(* Let $G=(V,E)$ be a connected graph with maximum degree $\Delta\ge 2$, $s\in V$, $\mathcal{T}$ the layering tree of $G$ with respect to $s$, and $\ell\ge\ell(\mathcal{T})$ an integer. Let $P$ be a part of $\mathcal{T}$ at depth $k$ and let $i\ge k$. Then $|\mathrm{comp}(P)\cap L_{\le i}|\le \Delta^{\ell+i-k+2}$.
   Context: For a connected graph $G$ and root $s\in V(G)$, the BFS layers are $L_i=\{v: d_G(s,v)=i\}$ for $i\ge 0$, with $L_{\le k}=L_0\cup\dots\cup L_k$, $L_{\ge k}=\bigcup_{j\ge k}L_j$, $L_{-1}=\emptyset$. For each $i\ge 0$, let $S_i^1,\dots,S_i^{s_i}$ be the connected components of $G\setminus L_{\le i-1}$ (i.e. of $G[L_{\ge i}]$), and let $P_i^j=S_i^j\cap L_i$; the nonempty sets $P_i^j$ are the parts at layer (depth) $i$, and the set $\mathcal{P}$ of all parts over all layers partitions $V(G)$. The layering tree $\mathcal{T}=(\mathcal{P},\mathcal{E})$ has the parts as vertices, with $(P,P')\in\mathcal{E}$ iff some $u\in P$, $u'\in P'$ are adjacent in $G$; it is rooted at $\{s\}$. Its length is $\ell(\mathcal{T})=\max_{P\in\mathcal{P}}\max_{u,v\in P} d_G(u,v)$ (distances measured in $G$). For a part $P$, $\mathrm{comp}(P)$ is the union of $P$ and all parts that are descendants of $P$ in the rooted tree $\mathcal{T}$; if $P$ is at layer $k$, this is the connected component of $G\setminus L_{\le k-1}$ containing $P$. *)

theory Defs
  imports Main
begin

definition graph :: "'a set \<Rightarrow> ('a \<Rightarrow> 'a \<Rightarrow> bool) \<Rightarrow> bool" where
  "graph V E \<longleftrightarrow> finite V \<and> (\<forall>u v. E u v \<longrightarrow> u \<in> V \<and> v \<in> V)
     \<and> (\<forall>u v. E u v \<longrightarrow> E v u) \<and> (\<forall>u. \<not> E u u)"
(* With $u,v,\Delta$ as in the context: (i) $u$ is strictly increasing from $[0,1)$ onto $[9/16,\,2/\pi)$; (ii) $\Delta$ is strictly increasing from $(0,1)$ onto $(0,+\infty)$; (iii) the function $w_+(x)=\frac12\log(1-x)+\frac{v(x)+\sqrt{\Delta(x)}}{2u(x)}$, defined on $[0,1)$, extends to a continuous function on $[0,1]$ with $w_+(0)=4/3$ and $w_+(1)=\log4$; consequently it attains a maximum $a_c$, and $a_c\ge\log 4$; (iv) the function $w_-(x)=\frac12\log(1-x)+\frac{v(x)-\sqrt{\Delta(x)}}{2u(x)}$ is continuous on $[0,1)$ with $w_-(0)=4/3$ and $\lim_{x\to1^-}w_-(x)=-\infty$.
   Context: ${}_2F_1$ denotes the Gauss hypergeometric function. For $x\in[0,1)$: $u(x)=\frac1{16}(1-x)\,{}_2F_1(3/2,3/2;3;x)+\frac12\,{}_2F_1(1/2,1/2;2;x)$, $v(x)=\frac12\,{}_2F_1(1/2,1/2;2;x)+{}_2F_1(1/2,1/2;1;x)$, $\Delta(x)=v(x)^2-4u(x)\,{}_2F_1(1/2,1/2;1;x)$. *)

theory Defs
  imports "HOL-Analysis.Analysis"
begin

definition hyp2F1 :: "real \<Rightarrow> real \<Rightarrow> real \<Rightarrow> real \<Rightarrow> real" where
  "hyp2F1 a b c x =
     (\<Sum>n. pochhammer a n * pochhammer b n / (pochhammer c n * fact n) * x ^ n)"

definition u_fun :: "real \<Rightarrow> real" where
  "u_fun x = 1/16 * (1 - x) * hyp2F1 (3/2) (3/2) 3 x + 1/2 * hyp2F1 (1/2) (1/2) 2 x"

definition v_fun :: "real \<Rightarrow> real" where
  "v_fun x = 1/2 * hyp2F1 (1/2) (1/2) 2 x + hyp2F1 (1/2) (1/2) 1 x"

definition Delta_fun :: "real \<Rightarrow> real" where
  "Delta_fun x = (v_fun x)^2 - 4 * u_fun x * hyp2F1 (1/2) (1/2) 1 x"

definition w_plus :: "real \<Rightarrow> real" where
  "w_plus x = 1/2 * ln (1 - x) + (v_fun x + sqrt (Delta_fun x)) / (2 * u_fun x)"

definition w_minus :: "real \<Rightarrow> real" where
  "w_minus x = 1/2 * ln (1 - x) + (v_fun x - sqrt (Delta_fun x)) / (2 * u_fun x)"

end

theory Submission
  imports Defs "HOL-Real_Asymp.Real_Asymp"
begin

text \<open>All functions involved are power series with explicit coefficients built from
  \<open>a\<^sub>n = (1/2)\<^sub>n / n!\<close>. The series of \<open>u\<close> has positive coefficients, and Wallis' product
  shows that they sum to \<open>2/\<pi>\<close>. With \<open>F = \<^sub>2F\<^sub>1(1/2, 1/2; 1; x)\<close>, the discriminant
  \<open>\<Delta> = v\<^sup>2 - 4 u F\<close> is a double power series with nonnegative coefficients, hence increasing
  from \<open>\<Delta>(0) = 0\<close>, and unbounded because \<open>F\<close> has a logarithmic singularity at \<open>1\<close>.

  The limits at \<open>1\<close> rest on the sharp asymptotics \<open>F(x) + ln(1 - x)/\<pi> \<rightarrow> 4 ln 2 / \<pi>\<close>. Its
  constant is \<open>1 - \<Sum> (1/(\<pi> n) - a\<^sub>n\<^sup>2)\<close>, obtained by differentiating at \<open>\<epsilon> = 0\<close> the value
  \<open>\<Gamma>(1+\<epsilon>)\<^sup>2 / (\<epsilon> \<Gamma>(1/2+\<epsilon>)\<^sup>2)\<close> of \<open>\<^sub>2F\<^sub>1(1/2, 1/2; 1+\<epsilon>; 1)\<close> given by Gauss's summation theorem.
  Writing \<open>(v + \<surd>\<Delta>)/(2u) = v/u - 2F/(v + \<surd>\<Delta>)\<close> then yields \<open>w\<^sub>+ \<rightarrow> ln 4\<close>, while
  \<open>v - \<surd>\<Delta> = 4uF/(v + \<surd>\<Delta>) \<le> 4u\<close> forces \<open>w\<^sub>- \<rightarrow> -\<infinity>\<close>.\<close>

section \<open>Central binomial coefficients and Wallis' product\<close>

definition central_coeff :: "nat \<Rightarrow> real" where
  "central_coeff n = pochhammer (1/2) n / fact n"
(* Let $\Sigma\subset\mathbb{R}^n$ be an open cone with vertex at the origin $O$ and $\Omega\subset\Sigma$ a sector-like domain, with $\Gamma=\partial\Omega\cap\Sigma$ and $\Gamma_1=\partial\Omega\setminus\overline\Gamma$. Let $f$ be a smooth positive function on $\mathbb{R}^n$ which is homogeneous of degree $\alpha>0$. If $u$ is a solution of $$\Delta_f u=-1 \text{ in }\Omega,\quad u=0 \text{ on }\Gamma,\quad u_\nu=-c \text{ on }\Gamma,\quad u_\nu=0 \text{ on }\Gamma_1\setminus\{O\},$$ $$\nabla^2\log f(\nabla u,\nabla u)+\frac{\langle\nabla\log f,\nabla u\rangle^2}{\alpha}\leq0 \text{ in }\Omega,$$ for some constant $c$, then $\Delta_f\langle x,\nabla u\rangle=-2$ in $\Omega$, where $x$ is the position vector field.
   Context: An open cone in $\mathbb{R}^n$ with vertex at the origin $O$ is $\Sigma=\{tx:\ x\in\omega,\ t\in(0,\infty)\}$ for an open connected domain $\omega\subset\mathbb{S}^{n-1}$. Given such $\Sigma$ with $\partial\Sigma\setminus\{O\}$ smooth, a bounded domain $\Omega\subset\Sigma$ is a sector-like domain if, with $\Gamma=\partial\Omega\cap\Sigma$ and $\Gamma_1=\partial\Omega\setminus\overline\Gamma$, one has $\mathcal H^{n-1}(\Gamma)>0$, $\mathcal H^{n-1}(\Gamma_1)>0$, $\Gamma$ is a smooth $(n-1)$-dimensional manifold, and $\partial\Gamma=\partial\Gamma_1\subset\partial\Omega\setminus\{O\}$ is a smooth $(n-2)$-dimensional manifold. $\nu$ is the outward unit normal to $\partial\Omega$, $u_\nu=\langle\nabla u,\nu\rangle$. The drift Laplacian is $\Delta_f=\Delta+\langle\nabla\log f,\nabla\,\cdot\,\rangle$. $f$ is homogeneous of degree $\alpha$ if $\langle\nabla f,x\rangle=\alpha f$. *)

theory Defs
  imports "HOL-Analysis.Analysis"
begin

definition dd :: "('a::euclidean_space \<Rightarrow> real) \<Rightarrow> 'a \<Rightarrow> 'a \<Rightarrow> real" where
  "dd h v x = frechet_derivative h (at x) v"

fun Ck_on :: "nat \<Rightarrow> 'a::euclidean_space set \<Rightarrow> ('a \<Rightarrow> real) \<Rightarrow> bool" where
  "Ck_on 0 S h \<longleftrightarrow> continuous_on S h"
| "Ck_on (Suc k) S h \<longleftrightarrow> continuous_on S h \<and> (\<forall>x\<in>S. h differentiable (at x))
      \<and> (\<forall>v. Ck_on k S (dd h v))"

definition smooth_on :: "'a::euclidean_space set \<Rightarrow> ('a \<Rightarrow> real) \<Rightarrow> bool" where
  "smooth_on S h \<longleftrightarrow> (\<forall>k. Ck_on k S h)"

definition grad :: "('a::euclidean_space \<Rightarrow> real) \<Rightarrow> 'a \<Rightarrow> 'a" where
  "grad h x = (\<Sum>b\<in>Basis. dd h b x *\<^sub>R b)"

definition hess :: "('a::euclidean_space \<Rightarrow> real) \<Rightarrow> 'a \<Rightarrow> 'a \<Rightarrow> 'a \<Rightarrow> real" where
  "hess h x v w = dd (dd h w) v x"

definition lap :: "('a::euclidean_space \<Rightarrow> real) \<Rightarrow> 'a \<Rightarrow> real" where
  "lap h x = (\<Sum>b\<in>Basis. hess h x b b)"

definition drift_lap :: "('a::euclidean_space \<Rightarrow> real) \<Rightarrow> ('a \<Rightarrow> real) \<Rightarrow> 'a \<Rightarrow> real" where
  "drift_lap f h x = lap h x + grad (\<lambda>y. ln (f y)) x \<bullet> grad h x"

definition homogeneous_on :: "'a::euclidean_space set \<Rightarrow> real \<Rightarrow> ('a \<Rightarrow> real) \<Rightarrow> bool" where
  "homogeneous_on S \<alpha> f \<longleftrightarrow> (\<forall>x\<in>S. grad f x \<bullet> x = \<alpha> * f x)"
theorem mainTheorem5:
  fixes N :: nat
  assumes "N \<ge> 1"
  shows "{x. eigenvalue (S_quant N) x} =
         {(real N + 1 - 2 * real k) * sin (pi / real N) | k. k \<in> {1..N}}"
proof -
  define \<mu> where "\<mu> k = (real N + 1 - 2 * real k) * sin (pi / real N)" for k
  have "inj_on \<mu> {1..N}"
  proof (cases "N = 1")
    case False
    with assms have "sin (pi / real N) > 0"
      using sin_pi_div_mult_pos[of 1 N] by simp
    then show ?thesis
      by (auto simp: inj_on_def \<mu>_def)
  qed simp
  then have "card (\<mu> ` {1..N}) = N"
    by (simp add: card_image)
  moreover have "\<mu> ` {1..N} \<subseteq> {x. eigenvalue (S_quant N) x}"
    using eigenvalue_S_quant by (auto simp: \<mu>_def)
  moreover have "S_quant N \<in> carrier_mat N N"
    by (simp add: S_quant_def)
  ultimately have "{x. eigenvalue (S_quant N) x} = \<mu> ` {1..N}"
    using eigenvalues_finite_card_le by (metis card_seteq)
  also have "\<dots> = {(real N + 1 - 2 * real k) * sin (pi / real N) | k. k \<in> {1..N}}"
    by (auto simp: \<mu>_def)
  finally show ?thesis .
qed

end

Work order = Copy out every line in the records where the word "product" is found.

Your response =
  \<open>a\<^sub>n = (1/2)\<^sub>n / n!\<close>. The series of \<open>u\<close> has positive coefficients, and Wallis' product
section \<open>Central binomial coefficients and Wallis' product\<close>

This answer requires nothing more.